А брат проваливается на конкурсе… В общем, начало его судьбы становится вовсе не таким, как она замыслила. И тогда, в конце этой повести, она сознается во всём, что сделала, и говорит, что готова пожертвовать для него всем. А он отвечает ей, что это манера деспотов — они превращают в жертвы тех, ради кого хотели бы всем на свете пожертвовать. Тогда она говорит: „Я твоя сестра и имею на это право“, но он отвечает: „Есть ли хоть у кого-нибудь такое право?“.

А как раз в эти дни наши войска вошли в Чехословакию, и комиссия, которая принимала спектакль, перенесла эту личную историю на политические события. Передовые статьи газеты „Правда“ начинались чем-то вроде: „Старшая сестра имеет право вмешиваться в судьбу младшей“ и т. д.

Так вот, они тут же усмотрели в этом мой протест против введения танков в Чехословакию. И судьба спектакля была бы очень печальной — спектакля, который потом завоевал все призы на фестивалях. Он мог бы не выйти вообще. Вот до чего доходила нелепость!

В девятом круге

— Если уж мы возвращаемся к теме зла, причиненного во имя добра, как вы относитесь к такому обороту: „Добро должно быть с кулаками“? — я люблю этот вопрос, мне кажется, что отвечая на него, человек становится понятнее — и самому себе тоже. Вот и сейчас я задал его Алексину.
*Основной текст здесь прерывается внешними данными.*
theorem lemma2p1:
  fixes u :: "'a::euclidean_space" and K :: "'a set"
  assumes "norm u = 1" and "K \<in> ball_bodies"
  shows "mink_sym u K \<in> ball_bodies
    \<and> mink_sym u (cdual K) = cdual (mink_sym u K)
    \<and> emeasure lebesgue (mink_sym u (cdual K)) \<ge> emeasure lebesgue (cdual K)"
proof -
  note u = assms(1) and K = assms(2)
  have dual: "mink_sym u (cdual K) = cdual (mink_sym u K)"
    by (rule mink_sym_cdual[OF u K])
  have "mink_sym u K = cdual (mink_sym u (cdual K))"
    using mink_sym_cdual[OF u cdual_in_ball_bodies[of K]] cdual_cdual_ball_body[OF K] by simp
  then have body: "mink_sym u K \<in> ball_bodies"
    by (metis cdual_in_ball_bodies)
  have vol: "emeasure lebesgue (cdual K) \<le> emeasure lebesgue (mink_sym u (cdual K))"
  proof (cases "K = {}")
    case True
    then show ?thesis using u by simp
  next
    case False
    then show ?thesis by (intro emeasure_le_mink_sym u compact_cdual convex_cdual)
  qed
  show ?thesis using body dual vol by simp
qed

end
lemma threshold_form_if_eventually_const:
  assumes "\<forall>s\<ge>M. \<phi> s = y"
  shows "\<exists>K b \<theta>. threshold_form \<phi> K b \<theta> \<and> b ` {1..K} \<subseteq> \<phi> ` {1..}
    \<and> (\<forall>k. 1 \<le> k \<and> k < K \<longrightarrow> \<theta> k \<le> M)"
  using assms
proof (induction M arbitrary: \<phi>)
  case 0
  then show ?case by (intro threshold_form_const[of \<phi> y]) simp
next
  case (Suc M)
  consider "\<phi> M = y" | "M = 0" | "M \<ge> 1" "\<phi> M \<noteq> y" by linarith
  then show ?case
  proof cases
    case 1
    have "\<phi> s = y" if "M \<le> s" for s
      using that 1 Suc.prems by (cases "s = M") auto
    then have "\<forall>s\<ge>M. \<phi> s = y" by blast
    from Suc.IH[OF this] show ?thesis by (meson le_SucI)
  next
    case 2
    then show ?thesis using Suc.prems by (intro threshold_form_const[of \<phi> y]) simp
  next
    case 3
    have "\<forall>s\<ge>M. (\<phi>(M := y)) s = y" using Suc.prems by (auto simp: Suc_le_eq)
    from Suc.IH[OF this] obtain K b \<theta> where "threshold_form (\<phi>(M := y)) K b \<theta>"
      and "b ` {1..K} \<subseteq> (\<phi>(M := y)) ` {1..}" and "\<forall>k. 1 \<le> k \<and> k < K \<longrightarrow> \<theta> k \<le> M"
      by blast
    from threshold_form_update_step[OF this 3(1) \<open>\<forall>s\<ge>M. (\<phi>(M := y)) s = y\<close> 3(2)]
    show ?thesis unfolding fun_upd_upd fun_upd_triv .
  qed
qed

section \<open>The age process and the verification theorem\<close>

lemma finite_set_pmf_policy:
  "valid_policy N pol \<Longrightarrow> finite (set_pmf (pol h s))"
  unfolding valid_policy_def by (meson finite_Pow_iff finite_atLeastAtMost finite_subset)

lemma policy_action_subset:
  "valid_policy N pol \<Longrightarrow> a \<in> set_pmf (pol h s) \<Longrightarrow> a \<subseteq> {1..N}"
  unfolding valid_policy_def by blast

lemma finite_set_pmf_traj:
  assumes "valid_policy N pol"
  shows "finite (set_pmf (traj p r pol k))"
proof (induction k)
  case (Suc k)
  have "finite (set_pmf (trans p r s a))" for s a
    by (simp add: trans_def)
  then show ?case
    using Suc finite_set_pmf_policy[OF assms] by (auto simp: split_beta intro!: finite_UN_I)
qed simp

lemma traj_state_ge_1: "x \<in> set_pmf (traj p r pol k) \<Longrightarrow> 1 \<le> snd x"
  by (induction k arbitrary: x) (auto simp: trans_def split_beta)

locale recruitment_mdp =
  fixes N :: nat and p c r :: "nat \<Rightarrow> real" and \<beta> \<epsilon> :: real
  assumes N_pos: "N \<ge> 1"
    and p_range: "\<forall>n\<in>{1..N}. 0 < p n \<and> p n \<le> 1"
    and c_nonneg: "\<forall>n\<in>{1..N}. c n \<ge> 0"
    and r_range: "\<forall>n\<in>{1..N}. 0 < r n \<and> r n \<le> 1"
    and \<beta>_pos: "0 < \<beta>" and \<beta>_less_1: "\<beta> < 1" and \<epsilon>_pos: "\<epsilon> > 0"
begin

abbreviation "A \<equiv> Pow {1..N}"
abbreviation "Q \<equiv> Qa p r"
abbreviation "u \<equiv> ucost p c r \<beta> \<epsilon>"
abbreviation "cost \<equiv> exp_cost p c r \<beta> \<epsilon>"

lemma Qa_bounds:
  assumes "a \<subseteq> {1..N}"
  shows "0 \<le> Q a" and "Q a \<le> 1"
proof -
  have "0 \<le> 1 - r n * p n \<and> 1 - r n * p n \<le> 1" if "n \<in> a" for n
  proof -
    have "0 < r n" "r n \<le> 1" "0 < p n" "p n \<le> 1"
      using that assms p_range r_range by auto
    then show ?thesis using mult_le_one[of "r n" "p n"] by simp
  qed
  then have "0 \<le> (\<Prod>n\<in>a. 1 - r n * p n)" "(\<Prod>n\<in>a. 1 - r n * p n) \<le> 1"
    by (auto intro: prod_nonneg prod_le_1)
  then show "0 \<le> Q a" "Q a \<le> 1" by (auto simp: Qa_def)
qed

lemma Ea_nonneg:
  assumes "a \<subseteq> {1..N}"
  shows "0 \<le> Ea p c a"
  unfolding Ea_def
proof (intro sum_nonneg)
  fix n assume "n \<in> a"
  then have "0 < p n" "0 \<le> c n" using assms p_range c_nonneg by auto
  then show "0 \<le> p n * c n" by simp
qed

definition \<eta> :: real where "\<eta> = \<beta> * \<epsilon>"

definition fixed_cost :: "nat set \<Rightarrow> real" where "fixed_cost a = (1 - \<beta>) * Ea p c a + \<eta>"

lemma \<eta>_pos: "0 < \<eta>"
  using \<beta>_pos \<epsilon>_pos by (simp add: \<eta>_def)

lemma ucost_eq: "u s a = fixed_cost a + \<eta> * (1 - Q a) * (real s ^ 2 + 2 * real s)"
  by (simp add: ucost_def Ga_def \<eta>_def fixed_cost_def power2_eq_square algebra_simps)

text \<open>The cost dominates \<open>\<eta>\<close> times the expected square of the next age.\<close>
lemma ucost_ge:
  assumes "a \<subseteq> {1..N}"
  shows "\<eta> * (Q a * 1\<^sup>2 + (1 - Q a) * (real s + 1)\<^sup>2) \<le> u s a"
proof -
  have "0 \<le> (1 - \<beta>) * Ea p c a" using Ea_nonneg[OF assms] \<beta>_less_1 by simp
  then show ?thesis by (simp add: ucost_eq fixed_cost_def power2_eq_square algebra_simps)
qed

lemma ucost_nonneg:
  assumes "a \<subseteq> {1..N}"
  shows "0 \<le> u s a"
proof -
  have "0 \<le> \<eta> * (Q a * 1\<^sup>2 + (1 - Q a) * (real s + 1)\<^sup>2)"
    using Qa_bounds[OF assms] \<eta>_pos by (intro mult_nonneg_nonneg add_nonneg_nonneg) auto
  then show ?thesis using ucost_ge[OF assms, of s] by linarith
qed

lemma expectation_trans:
  "a \<subseteq> {1..N} \<Longrightarrow> measure_pmf.expectation (trans p r s a) f = Q a * f 1 + (1 - Q a) * f (s + 1)"
  using Qa_bounds[of a] by (simp add: trans_def mult_ac)

definition exp_state :: "policy \<Rightarrow> (nat \<Rightarrow> real) \<Rightarrow> nat \<Rightarrow> real" where
  "exp_state pol f k = measure_pmf.expectation (traj p r pol k) (\<lambda>x. f (snd x))"

lemma exp_state_0: "exp_state pol f 0 = f 1"
  by (simp add: exp_state_def)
— Видите ли, всё, что говорит или пишет Станислав Куняев, может быть только отвратительно! — резко произнес Алексин.

— Не могу не отметить: на моей памяти это лишь второй человек, о котором вы говорите с брезгливостью, первым оказался Сталин — о нем вы говорили с еще большей ненавистью, что нетрудно понять. А все остальные, кого мы вспоминали с вами в эти дни — выходит, приличные люди? — я с любопытством ожидал ответа.

— Ну, конечно, — мгновенно отреагировал Алексин. И все же мне показалось, он не услышал полностью вопроса, потому что, не останавливаясь, он продолжил прерванную мною фразу. — Судите сами: добро — с кулаками, нежность — с жестокостью. Мало ли что какому-то маньяку удастся произнести!

Я сказал, что главный порок — это зависть, она исток очень многих других пороков. Завистливые люди никогда не признаются в том, что они завистливые. Вот они поносят, допустим, очень талантливого поэта. Им говорят: „Вы завидуете!“ — „Да ну, что вы, — отвечают они, — как можно ему завидовать!“ А на самом деле они одержимы ненавистью — и не только к его поэмам или стихам, они одержимы ненавистью к его успеху. Вот это постыдно! А другой порок — это неблагодарность.

В девятом круге Дантова „Ада“ мучаются не убийцы, там мучаются предатели своих благодетелей. То есть, люди, отвечавшие злом на добро. А мы, между тем, пустили в обиход подлейшие поговорки: „Ни одно доброе дело не может остаться безнаказанным“, „Не делай добра — не получишь зла“… Это мещанская, обывательская психология.

Пока не поздно

— Вот сейчас у меня „юбилей“ — неприятное слово, помпезное… — Алексин задумался, я ждал, когда он продолжит, и тоже молчал. — Меня теперь никогда не спрашивают про возраст — а это много или мало?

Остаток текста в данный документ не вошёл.